Cellulose‐Based Microparticles for Magnetically Controlled Optical Modulation and Sensing

Responsive materials with birefringent optical properties have been exploited for the manipulation of light in several modern electronic devices. While electrical fields are often utilized to achieve optical modulation, magnetic stimuli may offer an enticing complementary approach for controlling and manipulating light remotely. Here, the synthesis and characterization of magnetically responsive birefringent microparticles with unusual magneto‐optical properties are reported. These functional microparticles are prepared via a microfluidic emulsification process, in which water‐based droplets are generated in a flow‐focusing device and stretched into anisotropic shapes before conversion into particles via photopolymerization.

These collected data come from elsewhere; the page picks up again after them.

lemma is_norm_le_1_imp_norm_le:
  fixes N :: "'a::euclidean_space \<Rightarrow> real"
  assumes "is_norm N"
  obtains R where "\<And>x. N x \<le> 1 \<Longrightarrow> norm x \<le> R"
proof -
  obtain c where c: "0 < c" "\<And>x. c * norm x \<le> N x"
    using is_norm_ge_norm[OF assms] by blast
  have "norm x \<le> 1 / c" if "N x \<le> 1" for x
    using c(1) c(2)[of x] that by (simp add: field_simps)
  then show thesis
    using that by blast
qed

lemma inner_le_dual_norm:
  fixes N :: "'a::euclidean_space \<Rightarrow> real"
  assumes N: "is_norm N"
  shows "s \<bullet> h \<le> dual_norm N s * N h"
proof -
  obtain R where R: "\<And>x. N x \<le> 1 \<Longrightarrow> norm x \<le> R"
    using is_norm_le_1_imp_norm_le[OF N] by blast
  have "bdd_above {s \<bullet> x | x. N x \<le> 1}"
    by (rule bdd_aboveI[of _ "norm s * R"])
      (auto intro!: order_trans[OF norm_cauchy_schwarz] mult_left_mono R)
  then have unit: "s \<bullet> x \<le> dual_norm N s" if "N x \<le> 1" for x
    unfolding dual_norm_def using that by (intro cSup_upper) auto
  show ?thesis
  proof (cases "h = 0")
    case False
    with unit[of "(1 / N h) *\<^sub>R h"] is_norm_pos[OF N] show ?thesis
      by (simp add: is_norm_normalize[OF N] field_simps)
  qed (simp add: is_norm_zero[OF N])
qed

lemma inner_le_op_norm:
  fixes N1 :: "'a::euclidean_space \<Rightarrow> real" and N2 :: "'b::euclidean_space \<Rightarrow> real"
  assumes N1: "is_norm N1" and N2: "is_norm N2" and A: "linear A"
  shows "A h \<bullet> y \<le> op_norm N1 N2 A * N1 h * N2 y"
proof -
  obtain R1 where R1: "\<And>x. N1 x \<le> 1 \<Longrightarrow> norm x \<le> R1"
    using is_norm_le_1_imp_norm_le[OF N1] by blast
  obtain R2 where R2: "\<And>x. N2 x \<le> 1 \<Longrightarrow> norm x \<le> R2"
    using is_norm_le_1_imp_norm_le[OF N2] by blast
  obtain B where B: "0 < B" "\<And>x. norm (A x) \<le> B * norm x"
    using linear_bounded_pos[OF A] by blast
  have "A x \<bullet> y' \<le> B * R1 * R2" if "N1 x = 1" "N2 y' = 1" for x y'
  proof -
    have "A x \<bullet> y' \<le> B * norm x * norm y'"
      using norm_cauchy_schwarz B(2)[of x] by (meson mult_right_mono norm_ge_zero order_trans)
    also have "\<dots> \<le> B * R1 * R2"
      using B(1) R1[of x] R2[of y'] that order_trans[OF norm_ge_zero R1[of x]]
      by (intro mult_mono) auto
    finally show ?thesis .
  qed
  then have "bdd_above {A x \<bullet> y' | x y'. N1 x = 1 \<and> N2 y' = 1}"
    by (intro bdd_aboveI[of _ "B * R1 * R2"]) auto
  then have unit: "A x \<bullet> y' \<le> op_norm N1 N2 A" if "N1 x = 1" "N2 y' = 1" for x y'
    unfolding op_norm_def using that by (intro cSup_upper) auto
  show ?thesis
  proof (cases "h = 0 \<or> y = 0")
    case False
    then have "A ((1 / N1 h) *\<^sub>R h) \<bullet> ((1 / N2 y) *\<^sub>R y) \<le> op_norm N1 N2 A"
      by (intro unit is_norm_normalize N1 N2) auto
    with False is_norm_pos[OF N1, of h] is_norm_pos[OF N2, of y] show ?thesis
      by (simp add: linear_cmul[OF A] field_simps)
  qed (auto simp: linear_0[OF A] is_norm_zero[OF N1] is_norm_zero[OF N2])
qed

section \<open>Convex and smooth functions\<close>

lemma le_if_le_minus_small:
  fixes a b c :: real
  assumes "\<And>l. 0 < l \<Longrightarrow> l \<le> 1 \<Longrightarrow> b - l * c \<le> a" and "0 \<le> c"
  shows "b \<le> a"
proof (rule field_le_epsilon)
  fix e :: real assume "0 < e"
  define l where "l = min 1 (e / (c + 1))"
  have l: "0 < l" "l \<le> 1"
    using \<open>0 < e\<close> \<open>0 \<le> c\<close> by (auto simp: l_def)
  have "l * c \<le> e / (c + 1) * c"
    using \<open>0 \<le> c\<close> by (intro mult_right_mono) (auto simp: l_def)
  also have "\<dots> \<le> e"
    using \<open>0 < e\<close> \<open>0 \<le> c\<close> by (simp add: field_simps)
  finally show "b \<le> a + e"
    using assms(1)[OF l] by linarith
qed

lemma convex_on_inner_plus_const: "convex Q \<Longrightarrow> convex_on Q (\<lambda>v. c \<bullet> v + k)"
  by (rule convex_onI) (auto simp: inner_add_right algebra_simps)

lemma strongly_convex_on1_imp_convex_on:
  fixes d :: "'a::real_vector \<Rightarrow> real"
  assumes "convex Q" and "strongly_convex_on1 Q N d"
  shows "convex_on Q d"
proof (rule convex_onI)
  fix t :: real and x y assume "0 < t" "t < 1" "x \<in> Q" "y \<in> Q"
  then have "d (t *\<^sub>R y + (1 - t) *\<^sub>R x) \<le> t * d y + (1 - t) * d x - 1/2 * t * (1 - t) * (N (y - x))^2"
    using assms(2) unfolding strongly_convex_on1_def by auto
  moreover have "0 \<le> 1/2 * t * (1 - t) * (N (y - x))^2"
    using \<open>0 < t\<close> \<open>t < 1\<close> by simp
  ultimately show "d ((1 - t) *\<^sub>R x + t *\<^sub>R y) \<le> (1 - t) * d x + t * d y"
    by (simp add: add.commute)
qed (fact assms(1))

lemma strongly_convex_argmin_growth:
  fixes G d :: "'a::real_vector \<Rightarrow> real"
  assumes Q: "convex Q" and G: "convex_on Q G" and d: "strongly_convex_on1 Q N d" and m: "0 \<le> m"
    and z: "is_argmin_on Q (\<lambda>w. G w + m * d w) z" and v: "v \<in> Q"
  shows "G z + m * d z + m / 2 * (N (v - z))^2 \<le> G v + m * d v"
proof (rule le_if_le_minus_small)
  let ?F = "\<lambda>w. G w + m * d w" and ?K = "(N (v - z))^2"
  show "0 \<le> m / 2 * ?K"
    using m by simp
  fix l :: real assume l: "0 < l" "l \<le> 1"
  let ?w = "l *\<^sub>R v + (1 - l) *\<^sub>R z"
  have zQ: "z \<in> Q"
    using z unfolding is_argmin_on_def by simp
  have "G ?w \<le> l * G v + (1 - l) * G z"
    using convex_onD[OF G, of l z v] l v zQ by (simp add: add.commute)
  moreover have "d ?w \<le> l * d v + (1 - l) * d z - 1/2 * l * (1 - l) * ?K"
    using d v zQ l unfolding strongly_convex_on1_def by auto
  moreover have "?F z \<le> ?F ?w"
    using z Q v zQ l unfolding is_argmin_on_def convex_def by auto
  ultimately have "?F z \<le> l * ?F v + (1 - l) * ?F z - m/2 * l * (1 - l) * ?K"
    using mult_left_mono[OF _ m] by (fastforce simp: algebra_simps)
  then have "l * (?F z + m / 2 * ?K - l * (m / 2 * ?K)) \<le> l * ?F v"
    by (simp add: algebra_simps diff_divide_distrib add_divide_distrib)
  then show "?F z + m / 2 * ?K - l * (m / 2 * ?K) \<le> ?F v"
    using l by simp
qed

Birefringence properties are achieved by aligning cellulose nanocrystals within the microparticles during droplet stretching, whereas magnetic responsiveness results from the addition of superparamagnetic nanoparticles to the initial droplet template. When suspended in a fluid, the microparticles can be controllably manipulated via an external magnetic field to result in unique magneto‐optical coupling effects. Using a remotely actuated magnetic field coupled to a polarized optical microscope, these microparticles can be employed to convert magnetic into optical signals or to estimate the viscosity of the suspending fluid through magnetically driven microrheology.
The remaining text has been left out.